Наконец солнце, как и требовалось по замыслу, начало садиться, оно придвинулось ближе к горизонту и, соответственно, ближе к любителям телевидения в США, и мы медленно пошли на берег Шаннона. Теперь солнце двигалось быстро, и старик торопливо набил свою трубку, вот только выкурил он ее слишком поспешно, и, когда солнце нижним краем коснулось горизонта, из нее больше не шел дым. Теперь кисет у старика был пуст, а солнце закатывалось очень быстро. Как мертва, если она не дымит, трубка во рту крестьянина, стоящего на фоне заката: фигура из национального фольклора — серебристые волосы, тронутые зеленым отсветом, розовые блики на лбу. Джордж наскоро размял пару сигарет, забил их в головку трубки, из нее заструился голубоватый дымок, и как раз в это мгновение солнце до половины ушло за горизонт — священная облатка, на глазах теряющая свой блеск. Дымила трубка, жужжала камера, и серебрились волосы старика — новая разновидность цветной открытки, приветы с любимой родины, слезы в глазах американских ирландцев.
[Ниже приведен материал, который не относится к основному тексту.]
text \<open>\<open>Fp\<close> is a field: inverses come from B\'ezout's identity.\<close>
lemma Fp_inverse:
  assumes "(x::'k) \<in> Fp" shows "inverse x \<in> Fp"
proof (cases "x = 0")
  case True thus ?thesis by simp
next
  case False
  from assms obtain a where a: "x = of_int a" by (auto simp: Fp_def)
  have "\<not> int p dvd a" using False a ch of_int_eq_0_iff_char_dvd[of a, where 'a='k] by simp
  moreover have "prime (int p)" using pr by simp
  ultimately have "coprime (int p) a" using prime_imp_coprime by blast
  then obtain u v where uv: "u * a + v * int p = 1"
    using bezout_int[of a "int p"] by (metis coprime_iff_gcd_eq_1 gcd.commute)
  have "(of_int (int p) :: 'k) = 0" using of_nat_CHAR[where 'a='k] ch by simp
  hence "of_int u * x = 1" using arg_cong[OF uv, of "of_int :: int \<Rightarrow> 'k"] a by simp
  hence "inverse x = of_int u" by (metis inverse_unique mult.commute)
  thus ?thesis by simp
qed

lemma Fp_divide[intro]: "(x::'k) \<in> Fp \<Longrightarrow> y \<in> Fp \<Longrightarrow> x / y \<in> Fp"
  by (simp add: divide_inverse Fp_mult Fp_inverse)

lemma Gk_finite: "finite (Gk :: 'k km set)"
proof -
  have "Gk \<subseteq> Fp \<times> Fp \<times> Fp \<times> (Fp :: 'k set)" by (auto simp: Gk_def)
  thus ?thesis using Fp_finite by (meson finite_SigmaI finite_subset)
qed

text \<open>Reduction is an isomorphism from \<open>SL2 p\<close> (integer representatives, arithmetic mod \<open>p\<close>)
  onto \<open>Gk\<close>.\<close>
lemma emb_mult: "(emb (m2_mult p x y) :: 'k km) = kmul (emb x) (emb y)"
  by (cases x; cases y) (simp add: of_int_mod_char[OF ch])
lemma emb_inv: "(emb (m2_inv p x) :: 'k km) = kinv (emb x)"
  by (cases x) (simp add: of_int_mod_char[OF ch])
lemma emb_one: "(emb m2_one :: 'k km) = kone"
  by (simp add: m2_one_def kone_def)

definition reduced :: "m2 \<Rightarrow> bool" where
  "reduced x \<longleftrightarrow> (case x of (a,b,c,d) \<Rightarrow>
     a \<in> {0..<int p} \<and> b \<in> {0..<int p} \<and> c \<in> {0..<int p} \<and> d \<in> {0..<int p})"

lemma reduced_mult: "reduced (m2_mult p x y)"
  using p_gt1 by (cases x; cases y) (auto simp: reduced_def)

lemma emb_inj: "reduced x \<Longrightarrow> reduced y \<Longrightarrow> (emb x :: 'k km) = emb y \<Longrightarrow> x = y"
  by (cases x; cases y) (auto simp: reduced_def of_int_eq_iff_mod)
— Мы пустим это под какую-нибудь славную мелодию на волынке, — сказал Джордж.
Национальный колорит в одном схож с наивностью: если ты сознаешь, что она у тебя есть, считай, что ее у тебя уже нет; и когда солнце окончательно зашло, старик слегка взгрустнул; сизый сумрак вобрал в себя зеленую пелену. Мы подошли к нему, размяли еще несколько сигарет и набили его трубку; вдруг стало прохладно, сырость сочилась отовсюду, и остров — это крошечное королевство, уже триста лет населяемое семьей старика, — остров показался мне вдруг большой зеленой губкой, которая была наполовину погружена в воду, наполовину возвышалась над ней и вбирала в себя влагу.
Огонь в камине погас, черными комьями лежал прогоревший торф на красных угольях, и, когда мы медленно шли к пристани, старик шел рядом и странно смотрел на меня; его взгляд тяготил меня, потому что в нем таилось — да-да, таилось — благоговение, а я не считаю, что способен внушать такие чувства. Сердечно, робко и с неподдельным волнением пожал он мне руку перед тем, как я сел в лодку.
— Роммель, — сказал он тихо и внятно, и в его голосе была весомость мифа. — Генри, — добавил он.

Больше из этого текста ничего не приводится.